Building an effective evaluation interface for an agent arena configuration bake-off requires more than a standard web form. You need to present complex model outputs side by side, capture precise human preferences, and integrate the results into your evaluation harness without exposing sensitive evaluation prompts to third-party APIs. When you assemble this tooling manually, you spend weeks maintaining custom components instead of tuning your models.

Generate a complete evaluation interface from a plain-language specification using a dedicated XML skill.

Host the platform securely inside your own infrastructure to protect sensitive model evaluation prompts.

Inject raw model outputs directly into the interface as evaluation tasks using the programmatic SDK.

Configure side-by-side comparison layouts to capture structured rankings and pairwise preferences.

Export finalized preference data as structured JSON to feed directly into your preference learning pipeline.

The problem

Evaluating an agent arena configuration bake-off introduces strict data shape and workflow complexities that outgrow standard spreadsheets. Your team must review long, multi-turn agent responses side by side. This causes severe annotator fatigue when the interface requires excessive scrolling or disjointed navigation. Furthermore, you cannot leak proprietary prompts to external model APIs for auto-grading due to strict data retention policies. When you build a custom tool from scratch to handle these comparative views, you pay a heavy engineering penalty in continuous maintenance.

The short answer

You can use Label Studio as the foundation and rely on a coding agent to generate the labeling interface itself. The agent uses two things together. First, it runs the XML labeling config builder skill to produce optimized Label Studio interface configurations from a plain-language spec. Second, it calls the Label Studio SDK/CLI to wire the config into a real project programmatically. Rather than building a new labeling application from scratch, agents generate the interface from your spec and deploy it into Label Studio in one pass.

Docs: XML labeling config builder skill → https://github.com/HumanSignal/create-xml-labeling-config-skill

Docs: Label Studio SDK/CLI → https://api.labelstud.io/api-reference/introduction/getting-started

Docs: LLM Ranker template → https://labelstud.io/templates/generative-llm-ranker

Docs: LLM-friendly docs (markdown) → https://labelstud.io/llms.txt

What you're building

Display the core evaluation prompt at the top of the screen for immediate context.

Render multiple candidate agent responses in a side-by-side flex layout to minimize scrolling.

Provide a drag-and-drop ranking control to order the candidate models from best to worst.

Include an explicit pairwise selection tool to declare a definitive winner between two baseline responses.

Capture a free-text rationale from the reviewer to justify their preference selection.

Offer a numeric grading scale to record a coarse quality score for the overall task.

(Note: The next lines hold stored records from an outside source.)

(* Let $[r:s]\in\mathbb{P}^1$, $X=\{u_1x=v_1y,\ u_2z=v_2t,\ w^2+r(x+y)^2+r(z+t)^2=(2s+2)(xt+yz)+(2s-2)(xz+yt)\}\subset\mathbb{P}^1\times\mathbb{P}^1\times\mathbb{P}^4$, and let $\mathbf{G}\subset\mathrm{Aut}(X)$ be generated by $\Gamma$ and $\tau_1,\tau_2,\tau_3$. If $[r:s]\neq[\pm1:1]$, then $X$ has no $\mathbf{G}$-fixed points. If $[r:s]=[\pm1:1]$, then the only $\mathbf{G}$-fixed point of $X$ is the singular point $([1:1],[1:1],[1:1:\pm1:\pm1:0])$ (with the same sign as in $[r:s]$).
   Context: Coordinates are $([u_1:v_1],[u_2:v_2],[x:y:z:t:w])$. $\tau_1\colon([u_1:v_1],[u_2:v_2],[x:y:z:t:w])\mapsto([v_1:u_1],[v_2:u_2],[y:x:t:z:w])$, $\tau_2\colon\mapsto([u_2:v_2],[u_1:v_1],[z:t:x:y:w])$, $\tau_3\colon\mapsto([u_1:v_1],[u_2:v_2],[x:y:z:t:-w])$. $\Gamma\cong\mathbb{C}^\ast$ is the subgroup of $\mathrm{Aut}(X)$ obtained by lifting to $X$ (via the blow up $X\to Q$ of the quadric $Q\subset\mathbb{P}^4$ with the same equation along $Q\cap\{x=y=0\}$ and $Q\cap\{z=t=0\}$) the action on $\mathbb{P}^4$ by the matrices $$\begin{pmatrix}\frac{1+\lambda}{2}&\frac{1-\lambda}{2}&0&0&0\\ \frac{1-\lambda}{2}&\frac{1+\lambda}{2}&0&0&0\\ 0&0&\frac{\lambda+1}{2\lambda}&\frac{\lambda-1}{2\lambda}&0\\ 0&0&\frac{\lambda-1}{2\lambda}&\frac{\lambda+1}{2\lambda}&0\\ 0&0&0&0&1\end{pmatrix},\quad\lambda\in\mathbb{C}^\ast,$$ acting on $[x:y:z:t:w]$, which preserves $Q$ and both planes. *)

theory Defs
  imports Complex_Main
begin

text \<open>A point of P^1 x P^1 x P^4 is represented by homogeneous coordinates
  ([u1:v1],[u2:v2],[x:y:z:t:w]).\<close>

datatype pt = Pt complex complex complex complex complex complex complex complex complex

fun valid_pt :: "pt \<Rightarrow> bool" where
  "valid_pt (Pt u1 v1 u2 v2 x y z t w) \<longleftrightarrow>
     (u1, v1) \<noteq> (0, 0) \<and> (u2, v2) \<noteq> (0, 0) \<and> (x, y, z, t, w) \<noteq> (0, 0, 0, 0, 0)"

fun proj_eq :: "pt \<Rightarrow> pt \<Rightarrow> bool" where
  "proj_eq (Pt u1 v1 u2 v2 x y z t w) (Pt u1' v1' u2' v2' x' y' z' t' w') \<longleftrightarrow>
     (\<exists>a b c. a \<noteq> 0 \<and> b \<noteq> 0 \<and> c \<noteq> 0 \<and>
        u1' = a * u1 \<and> v1' = a * v1 \<and> u2' = b * u2 \<and> v2' = b * v2 \<and>
        x' = c * x \<and> y' = c * y \<and> z' = c * z \<and> t' = c * t \<and> w' = c * w)"

fun inX :: "complex \<Rightarrow> complex \<Rightarrow> pt \<Rightarrow> bool" where
  "inX r s (Pt u1 v1 u2 v2 x y z t w) \<longleftrightarrow>
     u1 * x = v1 * y \<and> u2 * z = v2 * t \<and>
     w^2 + r * (x + y)^2 + r * (z + t)^2 = (2*s + 2) * (x*t + y*z) + (2*s - 2) * (x*z + y*t)"

fun tau1 :: "pt \<Rightarrow> pt" where
  "tau1 (Pt u1 v1 u2 v2 x y z t w) = Pt v1 u1 v2 u2 y x t z w"

fun tau2 :: "pt \<Rightarrow> pt" where
  "tau2 (Pt u1 v1 u2 v2 x y z t w) = Pt u2 v2 u1 v1 z t x y w"

fun tau3 :: "pt \<Rightarrow> pt" where
  "tau3 (Pt u1 v1 u2 v2 x y z t w) = Pt u1 v1 u2 v2 x y z t (-w)"

text \<open>The element of Gamma corresponding to lambda: the given matrix on P^4, lifted to X.
  On X one has [u1:v1] = [y:x] and [u2:v2] = [t:z] (where defined), and the lift acts on
  (u1,v1) by the upper 2x2 block and on (u2,v2) by the middle 2x2 block.\<close>
fun gam :: "complex \<Rightarrow> pt \<Rightarrow> pt" where
  "gam l (Pt u1 v1 u2 v2 x y z t w) =
     Pt ((1 + l)/2 * u1 + (1 - l)/2 * v1) ((1 - l)/2 * u1 + (1 + l)/2 * v1)
        ((l + 1)/(2*l) * u2 + (l - 1)/(2*l) * v2) ((l - 1)/(2*l) * u2 + (l + 1)/(2*l) * v2)
        ((1 + l)/2 * x + (1 - l)/2 * y) ((1 - l)/2 * x + (1 + l)/2 * y)
        ((l + 1)/(2*l) * z + (l - 1)/(2*l) * t) ((l - 1)/(2*l) * z + (l + 1)/(2*l) * t)
        w"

How to build it in Label Studio

1. Set up the project

First, install and self-host Label Studio on your own infrastructure to satisfy data retention constraints for sensitive agent arena configuration bake-off data. A single task unit consists of a JSON object containing the input prompt and an array of candidate model responses with stable identifiers. You need to pre-load these candidate outputs from your offline evaluation harness into the task data before uploading. Finally, add relevant metadata fields like model versions and prompt categories so reviewers can filter the queue effectively.

2. Generate the labeling interface with the XML config skill

Next, prompt your coding agent with the exact requirements from your specification. Tell the agent to run the XML labeling config builder skill to translate those requirements into a validated markup schema. This skill emits a complete Label Studio XML configuration that uses the precise layout and control tags required for an agent arena configuration bake-off. The resulting markup maps your task data directly to the reviewer controls.

<View style="display:flex;"> — Organizes the screen into a flexible container to display side-by-side agent outputs without vertical scrolling.

<Text name="..." value="..."> — Displays the initial evaluation prompt and each individual agent response string.

<Pairwise name="..." toName="..."> — Connects exactly two text elements to enforce a strict preference selection for an agent arena configuration bake-off.

<List name="..." value="..."> — Renders an array of candidate model outputs for more complex N-way comparisons.

<Ranker name="..." toName="..."> — Provides a drag-and-drop interface to sort the listed candidates into a final preference order.

<TextArea name="..."> — Captures the free-text rationale from the reviewer to explain their specific preference.

3. Wire it into a project with the SDK

Tell the agent to use the Label Studio SDK/CLI to create a new workspace using the generated markup. The agent will instantiate the project, configure active learning settings, and upload your pre-formatted evaluation tasks in a single script. If you have baseline automated metrics, instruct the agent to import model predictions as pre-annotations to prepopulate numeric grades. You can run a small evaluation batch, watch annotators struggle with the layout, and have the agent regenerate the XML and redeploy the project instantly.

4. Set up review and quality workflows

Establish a clear multi-annotator overlap strategy to ensure reliable preference signals for your agent arena configuration bake-off. Set the project maximum annotations to require at least two independent human judgments per prompt. Reviewers need a dedicated queue to resolve disagreements when annotators select different baseline winners. Focus your quality measurement on pairwise win rate and Bradley-Terry metrics to capture true alignment, rather than simple categorical agreement.

5. Export and integrate

Export your completed evaluations as structured JSON directly from the platform. The resulting payload contains the original prompt, the sorted arrays of item identifiers from the ranking control, and the corresponding text rationales. You can hand this unified file directly to your downstream training pipeline to tune reward models, or feed it into an analytics warehouse to finalize model selection.

Why Label Studio for agent arena configuration bake-off

Side-by-side flex layouts eliminate the excessive scrolling and disjointed navigation that cause annotator fatigue.

Self-hosted deployment options guarantee that you never leak proprietary prompts to external APIs for evaluation.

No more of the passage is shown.